Problem to work on
Taking the line containing "using that Mpos" as the first and the last line of the entries as the end, reproduce every line between them exactly, including both.

▬▬▬▬▬▬

lemma relabel_invariant_step_outside_B:
  assumes "relabel_invariant A S" "x \<in> V" "x \<notin> B"
  shows "relabel_invariant A (alg5_step f k opt S x)"
proof -
  have "finite S" using assms(1) finite_V finite_subset unfolding relabel_invariant_def by blast
  then show ?thesis
    using assms subset_alg5_step[of S f k opt x] alg5_step_subset[of f k opt S x]
      card_alg5_step_le[of S k f opt x] alg5_step_full[of S k f opt x]
    unfolding relabel_invariant_def by auto
qed

lemma relabel_invariant_step_choose:
  assumes "relabel_invariant A S" "A \<subseteq> B" "A \<noteq> {}"
  obtains a where "a \<in> A" "relabel_invariant (A - {a}) (alg5_step f k opt S a)"
proof (cases "card S = k")
  case True
  obtain a where "a \<in> A" using assms(3) by blast
  moreover have "relabel_invariant (A - {a}) (alg5_step f k opt S a)"
    using assms(1) True unfolding relabel_invariant_def alg5_step_full[OF True] by simp
  ultimately show ?thesis by (rule that)
next
  case False
  have S: "S \<subseteq> V" "card S < k" "B - A \<subseteq> S" "finite S"
    using assms(1) False finite_V finite_subset unfolding relabel_invariant_def by auto
  obtain a where a: "a \<in> A" "(opt - f S) / real k \<le> marginal f a S"
  proof (cases "f S < opt")
    case True
    then obtain e where "e \<in> B - S" "(opt - f S) / real k \<le> marginal f e S"
      using exists_marginal_ge_threshold[OF mono sub finite_B B_subset _ opt_le S(1)] card_B
      by auto
    then show ?thesis using that S(3) by blast
  next
    case False
    obtain a where "a \<in> A" using assms(3) by blast
    moreover have "0 \<le> marginal f a S"
      using marginal_nonneg[OF mono] \<open>a \<in> A\<close> assms(2) B_subset S(1) by blast
    moreover have "(opt - f S) / real k \<le> 0"
      using False k_pos by (simp add: divide_nonpos_pos)
    ultimately show ?thesis by (meson that order_trans)
  qed
  have "alg5_step f k opt S a = insert a S"
    using S(2) a(2) by (simp add: alg5_step_def)
  moreover have "insert a S \<subseteq> V" "card (insert a S) \<le> k" "B - (A - {a}) \<subseteq> insert a S"
    using S a(1) assms(2) B_subset card_insert_le_m1[of k S a] by auto
  ultimately have "relabel_invariant (A - {a}) (alg5_step f k opt S a)"
    unfolding relabel_invariant_def by simp
  then show ?thesis using that a(1) by blast
qed
lemma pulls_back_balls_pmulp: "p \<ge> 2 \<Longrightarrow> pulls_back_balls p 1 (pmulp p)"
  by (rule pulls_back_ballsI) (use pmulp_padic pmulp_in_pball_iff pdivp_padic in fastforce)+

section \<open>Finite spans in a seminormed function space\<close>

lemma Cauchy_of_dist_le_inverse_Suc:
  fixes t :: "nat \<Rightarrow> 'a::real_normed_vector"
  assumes d: "d > 0" and close: "\<And>m n. norm (t m - t n) * d \<le> 1 / Suc m + 1 / Suc n"
  shows "Cauchy t"
proof (rule CauchyI)
  fix e :: real assume e: "e > 0"
  obtain M :: nat where M: "2 / (d * e) < M" using reals_Archimedean2 by blast
  then have Mpos: "M > 0" using d e by (metis divide_pos_pos less_trans mult_pos_pos of_nat_0_less_iff zero_less_numeral)
  have "norm (t m - t n) < e" if "M \<le> m" "M \<le> n" for m n
  proof -
    have "1 / real (Suc m) \<le> 1 / M" "1 / real (Suc n) \<le> 1 / M"
      using that Mpos by (simp_all add: frac_le)
    then have "norm (t m - t n) * d \<le> 2 / M" using close[of m n] by simp
    also have "2 / M < d * e" using M d e Mpos by (simp add: field_simps)
    finally show ?thesis using d by (simp add: mult.commute)
  qed
  then show "\<exists>M. \<forall>m\<ge>M. \<forall>n\<ge>M. norm (t m - t n) < e" by blast
qed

▬▬▬▬▬▬

Answer section
      using that Mpos by (simp_all add: frac_le)
    then have "norm (t m - t n) * d \<le> 2 / M" using close[of m n] by simp
    also have "2 / M < d * e" using M d e Mpos by (simp add: field_simps)
    finally show ?thesis using d by (simp add: mult.commute)
  qed
  then show "\<exists>M. \<forall>m\<ge>M. \<forall>n\<ge>M. norm (t m - t n) < e" by blast
qed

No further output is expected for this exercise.